Smart Trust for Smart Dust



Future distributed systems may include large selforganizing networks of locally communicating sensor nodes, any small number of which may be subverted by an adversary. Providing security for these sensor networks is important, but the problem is complicated by the fact that managing cryptographic key material is hard: low-cost nodes are neither tamper-proof nor capable of performing public key cryptography effi- ciently.

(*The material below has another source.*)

(* Let $A$ be a VPA with $\emptyset\subsetneq\mathcal L(A)\subsetneq\Sigma^*$ and assume $S_0$ is bounded. For each $\tau\in Q^Q$ let $R_\tau$ be a bounded overapproximation of $\tau^{-1}S_1$, and let $\mathrm{RegFlat}=R_0(\Sigma_c\cup R_1)^*$ where $R_1=\bigcup_{\tau\in Q^Q}\tau R_\tau$ and $R_0=\bigcup_{\tau\in Q^Q}\mathsf{Suf}(R_\tau)$. Then $\nu_f(\mathrm{Flat})=\nu_f(\mathrm{RegFlat})=\mathrm{Rep}$.
   Context: VPA $A=(Q,\Sigma,\Gamma,\bot,q_0,\delta,F)$ over a pushdown alphabet $\Sigma=\Sigma_c\cup\Sigma_r\cup\Sigma_{\mathit{int}}$ ($\Sigma_c,\Sigma_r\ne\emptyset$), with configurations $\alpha q$ ($\alpha\in\bot(\Gamma\setminus\{\bot\})^*$), call letters pushing via $\delta_c:Q\times\Sigma_c\to(\Gamma\setminus\{\bot\})\times Q$, internal letters via $\delta_{\mathit{int}}:Q\times\Sigma_{\mathit{int}}\to Q$, return letters popping the top $\gamma\ne\bot$ via $\delta_r:Q\times\Sigma_r\times\Gamma\to Q$ (or reading $\bot$ without popping). $\delta(c,w)$ is the configuration reached; $\mathcal L(c)$ the words leading from $c$ to a state in $F$. $W$: well-matched words (smallest set containing $\varepsilon$, $\Sigma_{\mathit{int}}$, closed under concatenation and $w\mapsto awb$, $a\in\Sigma_c$, $b\in\Sigma_r$); $D$: descending words (products of well-matched words and return letters); $\varphi:W\to Q^Q$ with $\delta(\alpha p,w)=\alpha\varphi(w)(p)$. $\mathrm{rConf}$: configurations reachable from $\bot q_0$; $\mathsf{rep}(c)$: length-lexicographically least (for fixed linear orders on $\Gamma,Q$) $c'\in\mathrm{rConf}$ with $\mathcal L(c')=\mathcal L(c)$; $\mathrm{Rep}=\mathsf{rep}(\mathrm{rConf})$; $\nu_A(w)=\mathsf{rep}(\delta(\bot q_0,w))$. For $w=a_1\cdots a_n\in D$, $\nu_A(a_i\cdots a_n)=\bot q_i$; $\sigma_0(w)=q_1\cdots q_n$; for nonempty $w\in W$, $\sigma_1(w)=\varphi(w)q_2\cdots q_n$. $S_0=\sigma_0(D)$, $S_1=\sigma_1(W\setminus\{\varepsilon\})$. $\Sigma_f=\Sigma_c\cup Q\cup Q^Q$ (disjoint); $\mathrm{AllFlat}=Q^*(\Sigma_c\cup Q^QQ^* )^*$ with unique factorization $s_0s_1\cdots s_m$, $s_0\in Q^*$, $s_i\in\Sigma_c\cup Q^QQ^*$. $t_f$: $t_f(\varepsilon)=\bot q_0$, $t_f(q_1\cdots q_n)=\bot q_1$ ($n\ge1$), $t_f(s_0\cdots s_m)=\delta(t_f(s_0\cdots s_{m-1}),s_m)$ if $s_m\in\Sigma_c$, and $=\alpha\tau(q)$ if $s_m=\tau q_2\cdots q_k$ and $t_f(s_0\cdots s_{m-1})=\alpha q$. $\nu_f=\mathsf{rep}\circ t_f$. $\mathrm{Flat}=S_0(\Sigma_c\cup S_1)^*$. A language $K$ is bounded if $K\subseteq w_1^*\cdots w_k^*$. For $\tau\in Q^Q$, $\tau^{-1}S_1=\{x:\tau x\in S_1\}$. $\Psi(a_1\cdots a_n)=\{(a_i,n-i+1):1\le i\le n\}$ and $\Psi(K)=\bigcup_{w\in K}\Psi(w)$. A bounded overapproximation of a bounded context-free language $K$ is a bounded regular language $R\supseteq K$ with $\{|w|:w\in K\}=\{|w|:w\in R\}$ and $\Psi(K)=\Psi(R)$. $\mathsf{Suf}(L)$ is the set of all suffixes of words in $L$. *)

theory Defs
  imports Main
begin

In this paper, we show how the key distribution problem can be dealt with in environments with a partially present, passive adversary: a node wishing to communicate securely with other nodes simply generates a symmetric key and sends it in the clear to its neighbours. Despite the apparent insecurity of this primitive, we can use mechanisms for key updating, multipath secrecy amplification and multihop key propagation to build up extremely resilient trust networks where at most a fixed proportion of communications links can be eavesdropped. We discuss applications in which this assumption is sensible. Many systems must perforce cope with principals who are authenticated weakly, if at all; the resulting issues have often been left in the ‘too hard’ tray. One particular interest of sensor networks is that they present a sufficiently compact and tractable version of this problem. We can perform quantitative analyses and simulations of alternative strategies, some of which we present here. We also hope that this paper may start to challenge the common belief that authentication is substantially about bootstrapping trust. We argue that, in distributed systems where the opponent can subvert any small proportion of nodes, it is more economic to invest in resilience than in bootstrapping.
1. Introduction
Wireless sensor networks are becoming increasingly important for a wide variety of applications such as factory instrumentation, climate control, environmental monitoring, and building safety. As sensor networks become cheaper and more commoditised, they will become attractive to home users and small businesses, and for other new applications. A typical sensor network consists of a large number of small, low-cost nodes that use wireless peer-to-peer communication to form a self-organized network. They use multi-hop routing algorithms based on dynamic network and resource discovery protocols. To keep costs down and to deal with limited battery energy, nodes have fairly minimal computation, communication, and storage resources. They do not have tamper-proof hardware. We can thus expect that some small fraction of nodes in a network may be compromised by an adversary over time.